• **INSTRUCTIONS FOR THE TASK**:
Using the records below, transcribe word for word the stretch from the line that contains "s = True means" through the line that contains "h = normalize", both end lines included, and nothing else.

• **MATERIAL SUPPLIED**:
┌──

(* The set $\mathbb{I}$ of intervals of $\mathbb{F}$ is closed under intersections: if $I,J\in\mathbb{I}$ then $I\cap J\in\mathbb{I}$.
   Context: $\mathbb{F}$ is the free group on generators $a,b$ with identity $e$. For $n=4k+i$ with $k\in\mathbb{N}$ and $0\le i<4$, set $\ell_n=a,a^{-1},b,b^{-1}$ according as $i=0,1,2,3$. For $g\in\mathbb{F}$ and $S\subseteq\mathbb{F}$ let $gS=\{gs:s\in S\}$. Define $I_0=\{e\}$ and $I_{n+1}=I_n\cup\ell_nI_n$. An interval of $\mathbb{F}$ is either the empty set or a set of the form $wI_n$ with $w\in\mathbb{F}$, $n\in\mathbb{N}$; $\mathbb{I}$ denotes the set of intervals. *)

theory Defs
  imports Main
begin

text \<open>The free group F on generators a, b, modelled as reduced words.
A letter is a pair (g, s): g = False means generator a, g = True means b;
s = True means the inverse of the generator.\<close>

type_synonym letter = "bool \<times> bool"

definition inv_letter :: "letter \<Rightarrow> letter" where
  "inv_letter x = (fst x, \<not> snd x)"

fun reduced :: "letter list \<Rightarrow> bool" where
  "reduced [] = True"
| "reduced [x] = True"
| "reduced (x # y # ys) = (y \<noteq> inv_letter x \<and> reduced (y # ys))"

fun cons_red :: "letter \<Rightarrow> letter list \<Rightarrow> letter list" where
  "cons_red x [] = [x]"
| "cons_red x (y # ys) = (if y = inv_letter x then ys else x # y # ys)"

definition normalize :: "letter list \<Rightarrow> letter list" where
  "normalize w = foldr cons_red w []"

definition FG :: "letter list set" where
  "FG = {w. reduced w}"

definition fg_e :: "letter list" where
  "fg_e = []"

definition fg_mult :: "letter list \<Rightarrow> letter list \<Rightarrow> letter list" where
  "fg_mult g h = normalize (g @ h)"

definition gen_a :: "letter list" where "gen_a = [(False, False)]"
definition gen_a_inv :: "letter list" where "gen_a_inv = [(False, True)]"
definition gen_b :: "letter list" where "gen_b = [(True, False)]"
definition gen_b_inv :: "letter list" where "gen_b_inv = [(True, True)]"

definition ell :: "nat \<Rightarrow> letter list" where
  "ell n = (if n mod 4 = 0 then gen_a else if n mod 4 = 1 then gen_a_inv
            else if n mod 4 = 2 then gen_b else gen_b_inv)"

definition lmult :: "letter list \<Rightarrow> letter list set \<Rightarrow> letter list set" where
  "lmult g S = (\<lambda>s. fg_mult g s) ` S"

fun Iv :: "nat \<Rightarrow> letter list set" where
  "Iv 0 = {fg_e}"
| "Iv (Suc n) = Iv n \<union> lmult (ell n) (Iv n)"

definition intervals :: "letter list set set" where
  "intervals = {{}} \<union> {lmult w (Iv n) | w n. w \<in> FG}"

end

theory Submission
  imports Defs "HOL-Library.Option_ord"
begin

└──

• **ANSWER SPACE**:
s = True means the inverse of the generator.\<close>

type_synonym letter = "bool \<times> bool"

definition inv_letter :: "letter \<Rightarrow> letter" where
  "inv_letter x = (fst x, \<not> snd x)"

fun reduced :: "letter list \<Rightarrow> bool" where
  "reduced [] = True"
| "reduced [x] = True"
| "reduced (x # y # ys) = (y \<noteq> inv_letter x \<and> reduced (y # ys))"

fun cons_red :: "letter \<Rightarrow> letter list \<Rightarrow> letter list" where
  "cons_red x [] = [x]"
| "cons_red x (y # ys) = (if y = inv_letter x then ys else x # y # ys)"

definition normalize :: "letter list \<Rightarrow> letter list" where
  "normalize w = foldr cons_red w []"

definition FG :: "letter list set" where
  "FG = {w. reduced w}"

definition fg_e :: "letter list" where
  "fg_e = []"

definition fg_mult :: "letter list \<Rightarrow> letter list \<Rightarrow> letter list" where
  "fg_mult g h = normalize (g @ h)"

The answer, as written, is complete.